Lore Sjöberg, on various theories of time travel, Alt Text

Time Travel can cause a lot of damage. You could run into the Butterfly of Doom, leave behind a Timeline-Altering MacGuffin, try and bump off Hitler or create a Temporal Paradox. Therefore, in any society where Time Machines are easily accessible, deliberately altering time will be a crime. In addition, there may be people, most likely a police force or The Men in Black, who fight those who violate the sanctity of time.

Of course, not all who police time are part of an official organization. In a setting where time travel is not easily accessible, there may be no laws to cover altering the timeline. Time Police in this case is any individual or group that takes it upon themselves to make sure that time plays out the way it's "supposed" to (although this brings up the question of what "supposed to" means.

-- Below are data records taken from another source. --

lemma x_diff_le_y_diff_of_tracking:
  assumes tracks: "\<And>b. b \<in> B \<Longrightarrow> \<phi> b \<in> A \<and> \<phi> b \<sim> b"
    and unit_steps: "\<And>b. b - 1 \<in> B \<Longrightarrow> b \<in> B \<Longrightarrow> \<phi> (b - 1) \<le> \<phi> b \<and> \<phi> b \<le> \<phi> (b - 1) + 1"
    and "b1 \<in> B" "b2 \<in> B" "b1 \<le> b2"
  shows "x (\<phi> b2) - x (\<phi> b1) \<le> y b2 - y b1"
  using \<open>b1 \<le> b2\<close> \<open>b2 \<in> B\<close>
proof (induction b2 rule: int_ge_induct)
  case (step b)
  have "b \<in> B"
    using G.index_convex[OF \<open>b1 \<in> B\<close> step.prems] step.hyps by simp
  have "x (\<phi> (b + 1)) - x (\<phi> b) \<le> y (b + 1) - y b"
  proof -
    consider "\<phi> (b + 1) = \<phi> b" | "\<phi> (b + 1) = \<phi> b + 1"
      using unit_steps[of "b + 1"] \<open>b \<in> B\<close> step.prems by force
    then show ?thesis
    proof cases
      case 1
      then show ?thesis using G.x_le_iff[OF \<open>b \<in> B\<close> step.prems] by simp
    next
      case 2
      then show ?thesis
        using x_gap_le_y_gap[of "\<phi> (b + 1)" "b + 1"] tracks[OF \<open>b \<in> B\<close>] tracks[OF step.prems]
          \<open>b \<in> B\<close> step.prems
        by simp
    qed
  qed
  then show ?case
    using step.IH[OF \<open>b \<in> B\<close>] by simp
qed simp

lemma x_right_idx_diff_le:
  "b1 \<in> B \<Longrightarrow> b2 \<in> B \<Longrightarrow> b1 \<le> b2 \<Longrightarrow> x (right_idx b2) - x (right_idx b1) \<le> y b2 - y b1"
  by (rule x_diff_le_y_diff_of_tracking) (use right_idx_cell(1) right_idx_sim right_idx_step in blast)+

lemma x_left_idx_diff_le:
  "b1 \<in> B \<Longrightarrow> b2 \<in> B \<Longrightarrow> b1 \<le> b2 \<Longrightarrow> x (left_idx b2) - x (left_idx b1) \<le> y b2 - y b1"
  by (rule x_diff_le_y_diff_of_tracking) (use left_idx_cell(1) left_idx_sim left_idx_step in blast)+

lemma G_mass_le_F_mass_of_separated:
  assumes b1: "b1 \<in> B" and b2: "b2 \<in> B" and "b1 \<le> b2"
    and separated: "\<And>b. b1 \<le> b \<Longrightarrow> b \<le> b2 \<Longrightarrow> left_idx b \<noteq> right_idx b"
  shows "G.cdf b2 - G.cdf (b1 - 1) \<le> F.cdf (right_idx b2) - F.cdf (right_idx b1 - 1)"
proof -
  have "G.cdf b - G.cdf (b1 - 1) \<le> F.cdf (right_idx b) - F.cdf (right_idx b1 - 1)"
    if "b1 \<le> b" "b \<le> b2" for b
    using that
  proof (induction b rule: int_ge_induct)
    case base
    show ?case
      using G_jump_le_F_jump[OF right_idx_sim[OF b1] right_idx_cell(1)[OF b1] b1] .
  next
    case (step b)
    have "b \<in> B" "b + 1 \<in> B"
      using G.index_convex[OF b1 b2] step by auto
    have "G.cdf b < F.cdf (right_idx (b + 1) - 1)"
    proof (rule ccontr)
      assume "\<not> ?thesis"
      then have "left_idx (b + 1) = right_idx (b + 1)"
        using right_idx_cell[OF \<open>b + 1 \<in> B\<close>] G.cdf_pred_less[OF \<open>b + 1 \<in> B\<close>]
        by (intro F.quantile_idx_plus_eqI) auto
      then show False
        using separated[of "b + 1"] step by simp
    qed
    then have "right_idx b - 1 < right_idx (b + 1) - 1"
      using right_idx_cell(2)[OF \<open>b \<in> B\<close>] by (intro F.less_of_cdf_less) simp
    then have "F.cdf (right_idx b) \<le> F.cdf (right_idx (b + 1) - 1)"
      by (intro F.cdf_mono) simp
    moreover have "G.cdf (b + 1) - G.cdf b \<le> F.cdf (right_idx (b + 1)) - F.cdf (right_idx (b + 1) - 1)"
      using G_jump_le_F_jump[OF right_idx_sim right_idx_cell(1)] \<open>b + 1 \<in> B\<close> by fastforce
    ultimately show ?case
      using step by simp
  qed
  then show ?thesis
    using \<open>b1 \<le> b2\<close> by simp
qed

lemma exists_F_block_dominating:
  assumes b1: "b1 \<in> B" and b2: "b2 \<in> B" and "b1 \<le> b2"
  shows "\<exists>a\<in>A. \<exists>a'\<in>A. x a' - x a \<le> y b2 - y b1 \<and>
    G.cdf b2 - G.cdf (b1 - 1) \<le> F.cdf a' - F.cdf (a - 1)"
proof (cases "\<exists>b. b1 \<le> b \<and> b \<le> b2 \<and> left_idx b = right_idx b")
  case True
  then obtain b where b: "b1 \<le> b" "b \<le> b2" "left_idx b = right_idx b"
    by blast
  then have "b \<in> B"
    using G.index_convex[OF b1 b2] by blast
  have "x (right_idx b2) - x (left_idx b1) \<le> y b2 - y b1"
    using x_right_idx_diff_le[OF \<open>b \<in> B\<close> b2 b(2)] x_left_idx_diff_le[OF b1 \<open>b \<in> B\<close> b(1)] b(3)
    by simp
  moreover have "G.cdf b2 - G.cdf (b1 - 1) \<le> F.cdf (right_idx b2) - F.cdf (left_idx b1 - 1)"
    using right_idx_cell(3)[OF b2] left_idx_cell(2)[OF b1] by simp
  ultimately show ?thesis
    using right_idx_cell(1)[OF b2] left_idx_cell(1)[OF b1] by blast
next
  case False
  then have "G.cdf b2 - G.cdf (b1 - 1) \<le> F.cdf (right_idx b2) - F.cdf (right_idx b1 - 1)"
    using G_mass_le_F_mass_of_separated[OF b1 b2 \<open>b1 \<le> b2\<close>] by blast
  then show ?thesis
    using x_right_idx_diff_le[OF b1 b2 \<open>b1 \<le> b2\<close>] right_idx_cell(1)[OF b1] right_idx_cell(1)[OF b2]
    by blast
qed

lemma prob_G_Icc_le_conc:
  assumes "b1 \<in> B" "b2 \<in> B" "b1 \<le> b2" "y b2 - y b1 \<le> eps"
  shows "measure_pmf.prob G {y b1..y b2} \<le> conc F eps"
proof -
  obtain a a' where a: "a \<in> A" "a' \<in> A" "x a' - x a \<le> y b2 - y b1"
    and mass: "G.cdf b2 - G.cdf (b1 - 1) \<le> F.cdf a' - F.cdf (a - 1)"
    using exists_F_block_dominating[OF assms(1-3)] by blast
  have "measure_pmf.prob G {y b1..y b2} = G.cdf b2 - G.cdf (b1 - 1)"
    by (rule G.prob_Icc_eq[OF assms(1-3)])
  also have "\<dots> \<le> measure_pmf.prob F {x a..x a'}"
    using mass F.cdf_diff_le_prob_Icc[OF a(1,2)] by linarith
  also have "\<dots> \<le> measure_pmf.prob F {x a..x a + eps}"
    using a(3) assms(4) by (intro measure_pmf.finite_measure_mono) auto
  also have "\<dots> \<le> conc F eps"
    by (rule prob_Icc_le_conc)
  finally show ?thesis .
qed

lemma prob_G_window_le_conc: "measure_pmf.prob G {z..z + eps} \<le> conc F eps"
proof (rule measure_pmf_le_of_finite_subsets)
  fix S assume S: "finite S" "S \<subseteq> {z..z + eps}"
  define J where "J = y -` S \<inter> B"
  have "finite J"
    unfolding J_def using S(1) G.inj_on_x by (rule finite_vimage_IntI)
  have "S \<inter> set_pmf G = y ` J"
    by (auto simp: J_def G.set_pmf_eq)
  then have prob_S: "measure_pmf.prob G S = measure_pmf.prob G (y ` J)"
    by (metis measure_Int_set_pmf)
  show "measure_pmf.prob G S \<le> conc F eps"
  proof (cases "J = {}")
    case True
    then show ?thesis
      using prob_S order_trans[OF measure_nonneg prob_Icc_le_conc] by simp
  next
    case False
    define b1 b2 where "b1 = Min J" and "b2 = Max J"
    have J: "b1 \<in> J" "b2 \<in> J" "\<And>b. b \<in> J \<Longrightarrow> b1 \<le> b \<and> b \<le> b2"
      using \<open>finite J\<close> False by (auto simp: b1_def b2_def)
    then have b: "b1 \<in> B" "b2 \<in> B" "b1 \<le> b2"
      by (auto simp: J_def)
    have "y b1 \<in> {z..z + eps}" "y b2 \<in> {z..z + eps}"
      using J(1,2) S(2) by (auto simp: J_def)
    then have "y b2 - y b1 \<le> eps"
      by simp
    have "y ` J \<subseteq> {y b1..y b2}"
      using J b G.x_le_iff by (auto simp: J_def)
    then have "measure_pmf.prob G (y ` J) \<le> measure_pmf.prob G {y b1..y b2}"
      by (rule measure_pmf.finite_measure_mono) simp
    also have "\<dots> \<le> conc F eps"
      using prob_G_Icc_le_conc[OF b] \<open>y b2 - y b1 \<le> eps\<close> .
    finally show ?thesis
      using prob_S by simp
  qed
qed

end

theorem theorem4p1:
  fixes F G :: "real pmf" and A B :: "int set" and x p y q :: "int \<Rightarrow> real"
  assumes "represents F A x p"
    and "represents G B y q"
    and "wedge_disc_le F A x p G B y q"
  shows "wd_le F G"
proof -
  interpret wedge_disc_pair F A x p G B y q
    using assms by (simp add: wedge_disc_pair_def wedge_disc_pair_axioms_def discrete_repr_def)
  show ?thesis
    unfolding wd_le_def conc_def[of G] by (auto intro!: cSUP_least prob_G_window_le_conc)
qed

end
(* Let $C=c_0c_1\dots c_{m-1}c_0$ and $D=(0)(1)\dots(n-1)(0)$ be reflexive digraph cycles with $D$ non-contractible, and let $i \in \{1,\dots,n\}$ (a vertex of $D$, with $n \equiv 0$). The graph $\mathrm{Mon}_1(C,D;i)$ is connected. Moreover, if it is nonempty, there are elements $\Phi_i^m$ and $\Phi_i^M$ of $\mathrm{Mon}_1(C,D;i)$ such that for every element $\phi$ of $\mathrm{Mon}_1(C,D;i)$ there is a sequence of monotone one-step up edges, through elements of $\mathrm{Mon}_1(C,D;i)$, from $\Phi_i^m$ to $\phi$, and one from $\phi$ to $\Phi_i^M$.
   Context: A digraph is a binary relation $\to$ on a finite vertex set; reflexive means every vertex has a loop. A digraph cycle $C=c_0c_1\dots c_{m-1}c_0$ (indices mod $m$, $m\ge 3$) has underlying graph the cycle with edges $c_ic_{i+1}$; $D=(0)(1)\dots(n-1)(0)$ has vertex set the integers mod $n$. $D$ is non-contractible if it has length at least $4$ or is a directed $3$-cycle. A homomorphism $\phi:C\to D$ satisfies $u\to v\Rightarrow\phi(u)\to\phi(v)$. $\mathrm{Hom}(C,D)$ is the digraph on homomorphisms with $\phi\to\phi'$ iff $\phi(u)\to\phi'(v)$ for all arcs $u\to v$ of $C$; connectivity refers to its underlying graph. Under $\phi$, edge $c_ic_{i+1}$ is increasing, stationary or decreasing as $\phi(c_{i+1})-\phi(c_i)$ is $1,0,-1$ (mod $n$); the wind of $\phi$ is (number of increasing minus number of decreasing edges)$/n$. $\mathrm{Mon}_1(C,D;i)$ is the subgraph of $\mathrm{Hom}(C,D)$ induced by the homomorphisms $\phi$ of wind $1$ in which every edge is increasing or stationary and with $\phi(c_0)=i$. A monotone one-step up edge is a pair $(\phi,\phi')$ of such monotone wind-$1$ homomorphisms where, for some subpath of $C$ with vertex set $S$ all of whose edges are stationary under $\phi$ (so $\phi(S)=\{d\}$), $\phi'$ agrees with $\phi$ off $S$ and maps $S$ to $d+1$ (such $\phi,\phi'$ are adjacent in $\mathrm{Hom}(C,D)$). *)

theory Defs
  imports Main "HOL-Library.FuncSet" Complex_Main
begin

text \<open>A reflexive digraph cycle c_0 c_1 ... c_{m-1} c_0 is modelled on the vertex set
  {0..<m} (vertex c_j is j) by its arc relation A.\<close>

definition refl_cycle :: "nat \<Rightarrow> (nat \<Rightarrow> nat \<Rightarrow> bool) \<Rightarrow> bool" where
  "refl_cycle m A \<longleftrightarrow> m \<ge> 3
     \<and> (\<forall>u v. A u v \<longrightarrow> u < m \<and> v < m)
     \<and> (\<forall>u<m. A u u)
     \<and> (\<forall>u v. A u v \<longrightarrow> u = v \<or> v = Suc u mod m \<or> u = Suc v mod m)
     \<and> (\<forall>u<m. A u (Suc u mod m) \<or> A (Suc u mod m) u)"

definition non_contractible :: "nat \<Rightarrow> (nat \<Rightarrow> nat \<Rightarrow> bool) \<Rightarrow> bool" where
  "non_contractible n B \<longleftrightarrow> n \<ge> 4 \<or>
     (n = 3 \<and> ((\<forall>u<n. \<not> B (Suc u mod n) u) \<or> (\<forall>u<n. \<not> B u (Suc u mod n))))"

definition is_hom :: "nat \<Rightarrow> (nat \<Rightarrow> nat \<Rightarrow> bool) \<Rightarrow> nat \<Rightarrow> (nat \<Rightarrow> nat \<Rightarrow> bool) \<Rightarrow> (nat \<Rightarrow> nat) \<Rightarrow> bool" where
  "is_hom m A n B \<phi> \<longleftrightarrow> \<phi> \<in> {..<m} \<rightarrow>\<^sub>E {..<n} \<and> (\<forall>u v. A u v \<longrightarrow> B (\<phi> u) (\<phi> v))"

definition hom_arc :: "(nat \<Rightarrow> nat \<Rightarrow> bool) \<Rightarrow> (nat \<Rightarrow> nat \<Rightarrow> bool) \<Rightarrow> (nat \<Rightarrow> nat) \<Rightarrow> (nat \<Rightarrow> nat) \<Rightarrow> bool" where
  "hom_arc A B \<phi> \<psi> \<longleftrightarrow> (\<forall>u v. A u v \<longrightarrow> B (\<phi> u) (\<psi> v))"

What's to say Hitler ''should'' have won World War II, and a time traveler has altered it?) and keeps the timestream free of paradoxes. They may or may not be supernatural in origin, in this case.

Although Time Police are usually intended to be Lawful Neutral, with their only obligation being to keeping time clean, so to speak, they will often fight on the side of good anyway. Somebody ought to check the screening process. Although there's an increasing deconstructive trend to make them Knights Templar willing to do anything to preserve the timeline they want. Sometimes they might serve as a Weirdness Search and Rescue (although the latter characterisation might still be applied, with the one who helps the protagonists being the equivalent of a Cowboy Cop).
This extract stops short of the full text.